Please share ETAP 18 installation files

----------


## gustav

pls share..hehehe

----------


## orlyboy

my guess is..there will be no etap 18 to be released* maybe there will be an upgrade for 16.0.0 to 16.x.x.
the next major release maybe is etap 20.0.0..lol..

----------


## moduqa

> pls share..hehehe



**[link Point to another website Only the registered members can access]
*link*




<![CDATA[[Only Registered And Activated Users Can See Links]
**[link Point to another website Only the registered members can access]
*link*




<![CDATA[[Only Registered And Activated Users Can See Links]


**[link Point to another website Only the registered members can access]
*link*




<![CDATA[[Only Registered And Activated Users Can See Links]
**[link Point to another website Only the registered members can access]
*link*




<![CDATA[[Only Registered And Activated Users Can See Links]
**[link Point to another website Only the registered members can access]
*link*




<![CDATA[[Only Registered And Activated Users Can See Links]
**[link Point to another website Only the registered members can access]
*link*




<![CDATA[[Only Registered And Activated Users Can See Links]
**[link Point to another website Only the registered members can access]
*link*




<![CDATA[[Only Registered And Activated Users Can See Links]
**[link Point to another website Only the registered members can access]
*link*




<![CDATA[[Only Registered And Activated Users Can See Links]
**[link Point to another website Only the registered members can access]
*link*




<![CDATA[[Only Registered And Activated Users Can See Links]
**[link Point to another website Only the registered members can access]
*link*




<![CDATA[[Only Registered And Activated Users Can See Links]
**[link Point to another website Only the registered members can access]
*link*




<![CDATA[[Only Registered And Activated Users Can See Links]
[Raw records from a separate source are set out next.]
(* For every fixed $y\in\mathbb R^{|\mathcal S^{\mathrm h}|\cdot|\Omega|}$ (held constant), the ODE $\frac{dx}{dt}=h(x(t),y)$ on $\mathbb R^{|\mathcal S^{\mathrm l}|\cdot|\mathcal A|}$ has a globally asymptotically stable equilibrium $\lambda(y)$. Moreover, the map $y\mapsto\lambda(y)$ is Lipschitz.
   Context: $\mathcal S,\mathcal A$ are finite sets, $P(s'|s,a)$ a transition kernel on $\mathcal S$, $T\ge1$ an integer, $\Omega=\mathcal S$, $\mathcal S^{\mathrm{de}}=\{0,\dots,T-1\}$ with deterministic kernel $P^{\mathrm{de}}(d'|d)=1$ iff $d'=d+1$ for $d\ne T-1$ and $d'=0$ for $d=T-1$. $\mathcal S^{\mathrm h}=\mathcal S$, $\mathcal S^{\mathrm l}=\mathcal S\times\Omega\times\mathcal S^{\mathrm{de}}$. $r^{\mathrm l}:\mathcal S^{\mathrm l}\times\mathcal A\to\mathbb R$ is bounded, $\gamma^{\mathrm l}\in(0,1)$. Given a high-level policy $\pi^{\mathrm h}(\omega|s)$, the low-level kernel is $P^{\mathrm l}_{\pi^{\mathrm h}}((s',\omega',d')|(s,\omega,d),a)=P^{\mathrm{de}}(d'|d)P(s'|s,a)q$ with $q=0$ if $d\ne T-1,\omega'\ne\omega$; $q=1$ if $d\ne T-1,\omega'=\omega$; $q=\pi^{\mathrm h}(\omega'|s)$ if $d=T-1$. The high-level policy is obtained from a high-level Q-table $Q^{\mathrm h}\in\mathbb R^{|\mathcal S^{\mathrm h}|\times|\Omega|}$ by a policy extraction map $\pi^{\mathrm h}=\mathcal F^{\mathrm h}(Q^{\mathrm h})$ that is Lipschitz in the infinity norm. Write $x=\mathrm{vec}(Q^{\mathrm l})$ for $Q^{\mathrm l}\in\mathbb R^{|\mathcal S^{\mathrm l}|\times|\mathcal A|}$ and $y=\mathrm{vec}(Q^{\mathrm h})$. The vector field $h$ has components $h_{s^{\mathrm l},a}(x,y)=r^{\mathrm l}(s^{\mathrm l},a)+\gamma^{\mathrm l}\sum_{s^{\mathrm l,+}}P^{\mathrm l}_{\pi^{\mathrm h}}(s^{\mathrm l,+}|s^{\mathrm l},a)\max_{a^+}Q^{\mathrm l}(s^{\mathrm l,+},a^+)-Q^{\mathrm l}(s^{\mathrm l},a)$, with $\pi^{\mathrm h}=\mathcal F^{\mathrm h}(Q^{\mathrm h})$. *)

theory Defs
  imports "HOL-Analysis.Analysis"
begin

text \<open>Index conventions.
  's : state set S (also S^h and the option set Omega = S);
  'a : action set A;
  'd : the clock set S^de, identified with {0,...,T-1} via a bijection enc,
       where T = CARD('d) >= 1.
  Low-level state s^l = (s, omega, d) :: 's * 's * 'd.
  x = vec(Q^l) :: real^(('s * 's * 'd) * 'a),  y = vec(Q^h) :: real^('s * 's).\<close>

definition Pde :: "('d \<Rightarrow> nat) \<Rightarrow> 'd \<Rightarrow> 'd \<Rightarrow> real" where
  "Pde enc d d' =
     (if enc d \<noteq> CARD('d) - 1 then (if enc d' = enc d + 1 then 1 else 0)
      else (if enc d' = 0 then 1 else 0))"

text \<open>Low-level transition kernel induced by the high-level policy pih (pih s omega = pi^h(omega|s)).\<close>
definition Pl :: "('d \<Rightarrow> nat) \<Rightarrow> ('s \<Rightarrow> 'a \<Rightarrow> 's \<Rightarrow> real) \<Rightarrow> ('s \<Rightarrow> 's \<Rightarrow> real)
    \<Rightarrow> ('s \<times> 's \<times> 'd) \<Rightarrow> 'a \<Rightarrow> ('s \<times> 's \<times> 'd) \<Rightarrow> real" where
  "Pl enc P pih sl a sl' =
     (case sl of (s, \<omega>, d) \<Rightarrow> case sl' of (s', \<omega>', d') \<Rightarrow>
        Pde enc d d' * P s a s' *
        (if enc d \<noteq> CARD('d) - 1 then (if \<omega>' = \<omega> then 1 else 0) else pih s \<omega>'))"

definition hfield :: "('d \<Rightarrow> nat) \<Rightarrow> ('s \<Rightarrow> 'a \<Rightarrow> 's \<Rightarrow> real)
    \<Rightarrow> (('s \<times> 's \<times> 'd) \<Rightarrow> 'a \<Rightarrow> real) \<Rightarrow> real
    \<Rightarrow> (real^('s \<times> 's) \<Rightarrow> 's \<Rightarrow> 's \<Rightarrow> real)
    \<Rightarrow> real^(('s::finite \<times> 's \<times> 'd::finite) \<times> 'a::finite) \<Rightarrow> real^('s \<times> 's)
    \<Rightarrow> real^(('s \<times> 's \<times> 'd) \<times> 'a)" where
  "hfield enc P rl \<gamma> Fh x y = (\<chi> i. case i of (sl, a) \<Rightarrow>
      rl sl a
      + \<gamma> * (\<Sum>sl'\<in>UNIV. Pl enc P (Fh y) sl a sl' * Max (range (\<lambda>a'. x $ (sl', a'))))
      - x $ (sl, a))"

definition ode_solution :: "('v::real_normed_vector \<Rightarrow> 'v) \<Rightarrow> (real \<Rightarrow> 'v) \<Rightarrow> bool" where
  "ode_solution f z \<longleftrightarrow> (\<forall>t\<ge>0. (z has_vector_derivative f (z t)) (at t within {0..}))"

definition glob_asym_stable_eq :: "('v::real_normed_vector \<Rightarrow> 'v) \<Rightarrow> 'v \<Rightarrow> bool" where
  "glob_asym_stable_eq f e \<longleftrightarrow>
     f e = 0 \<and>
     (\<forall>\<epsilon>>0. \<exists>\<delta>>0. \<forall>z. ode_solution f z \<and> norm (z 0 - e) < \<delta> \<longrightarrow>
                          (\<forall>t\<ge>0. norm (z t - e) < \<epsilon>)) \<and>
     (\<forall>z. ode_solution f z \<longrightarrow> (z \<longlongrightarrow> e) at_top)"

end

theory Submission
  imports Defs
begin

text \<open>For fixed y the field is h(x, y) = T_y x - x, where T_y is the Bellman operator of
  the low-level kernel induced by the policy F^h(y). This kernel is substochastic, so T_y is
  a \<gamma>-contraction for the sup norm. Hence it has a fixed point \<lambda>(y), and a barrier argument
  shows that along every solution the sup-norm distance to \<lambda>(y) decays like exp(-k t) for
  each k < 1 - \<gamma>, which gives global asymptotic stability. For the Lipschitz bound, all fixed
  points lie in the sup-norm ball of radius |r|_\<infinity>/(1 - \<gamma>), on which T_y depends
  Lipschitz continuously on y through F^h; and a \<gamma>-contraction moves its fixed point by at
  most 1/(1 - \<gamma>) times the perturbation of the operator.\<close>

lemma infnorm_attained_cart: "\<exists>i. infnorm (x::real^'n) = \<bar>x$i\<bar>"
proof -
  have "infnorm x = Max (range (\<lambda>i. \<bar>x$i\<bar>))"
  proof -
    have "{\<bar>x$i\<bar> |i. i \<in> UNIV} = range (\<lambda>i. \<bar>x$i\<bar>)" by auto
    then show ?thesis
      unfolding infnorm_cart
      by (metis cSup_eq_Max finite_imageI finite_class.finite_UNIV range_eqI empty_iff)
  qed
  moreover have "Max (range (\<lambda>i. \<bar>x$i\<bar>)) \<in> range (\<lambda>i. \<bar>x$i\<bar>)"
    by (rule Max_in) auto
  ultimately show ?thesis by (metis imageE)
qed

lemma infnorm_le_cart: "(\<And>i. \<bar>(x::real^'n)$i\<bar> \<le> c) \<Longrightarrow> infnorm x \<le> c"
  using infnorm_attained_cart[of x] by metis

lemma lipschitz_on_UNIV_if_infnorm_le:
  fixes f :: "'a::euclidean_space \<Rightarrow> 'b::euclidean_space"
  assumes "0 \<le> C" and "\<And>x y. infnorm (f x - f y) \<le> C * infnorm (x - y)"
  shows "(sqrt DIM('b) * C)-lipschitz_on UNIV f"
proof (rule lipschitz_onI)
  fix x y :: 'a
  have "dist (f x) (f y) \<le> sqrt DIM('b) * infnorm (f x - f y)"
    unfolding dist_norm by (rule norm_le_infnorm)
  also have "\<dots> \<le> sqrt DIM('b) * (C * dist x y)"
  proof (intro mult_left_mono)
    show "infnorm (f x - f y) \<le> C * dist x y"
      using assms(2)[of x y] mult_left_mono[OF infnorm_le_norm[of "x - y"] assms(1)]
      by (simp add: dist_norm)
  qed simp
  finally show "dist (f x) (f y) \<le> sqrt DIM('b) * C * dist x y" by simp
qed (use assms in simp)

lemma infnorm_contraction_funpow:
  fixes T :: "'a::euclidean_space \<Rightarrow> 'a"
  assumes "0 \<le> \<gamma>" and contr: "\<And>x y. infnorm (T x - T y) \<le> \<gamma> * infnorm (x - y)"
  shows "infnorm ((T^^n) x - (T^^n) y) \<le> \<gamma>^n * infnorm (x - y)"
proof (induction n)
  case (Suc n)
  have "infnorm ((T^^Suc n) x - (T^^Suc n) y) \<le> \<gamma> * infnorm ((T^^n) x - (T^^n) y)"
    using contr by simp
  also have "\<dots> \<le> \<gamma> * (\<gamma>^n * infnorm (x - y))" using Suc assms(1) by (rule mult_left_mono)
  finally show ?case by simp
qed simp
password :moduqa.share.via.egpet.netSee More: Etap 18.0

----------


## ionioni

obvious trolling stuff
still i took half a minute to d/l the first 1MB from the first rar part and check on it



btw you posted a rar password yet you forgot to use it when raring

took you sometime to u/l this no?

----------


## orlyboy

lol...it is a movie about a rig that blowout and kills 11 crew..BP loses huge amount of money for the failure of the operations.

----------


## moduqa

> obvious trolling stuff
> still i took half a minute to d/l the first 1MB from the first rar part and check on it
> 
> 
> 
> btw you posted a rar password yet you forgot to use it when raring
> 
> took you sometime to u/l this no?





............................
well.............an amateur would have fell for it

for those of you looking for it* enjoy the *ahem* ETAP 18 movie

----------


## moduqa

I'm feeling like doing charity today*
Solution to ETAP 18

**[link Point to another website Only the registered members can access]
*link*




<![CDATA[[Only Registered And Activated Users Can See Links]

----------


## moduqa_braindead_follower

> I'm feeling like doing charity today*
> Solution to ETAP 18
> 
> **[link Point to another website Only the registered members can access]
> *link*
> 
> 
> 
> 
> <![CDATA[[Only Registered And Activated Users Can See Links]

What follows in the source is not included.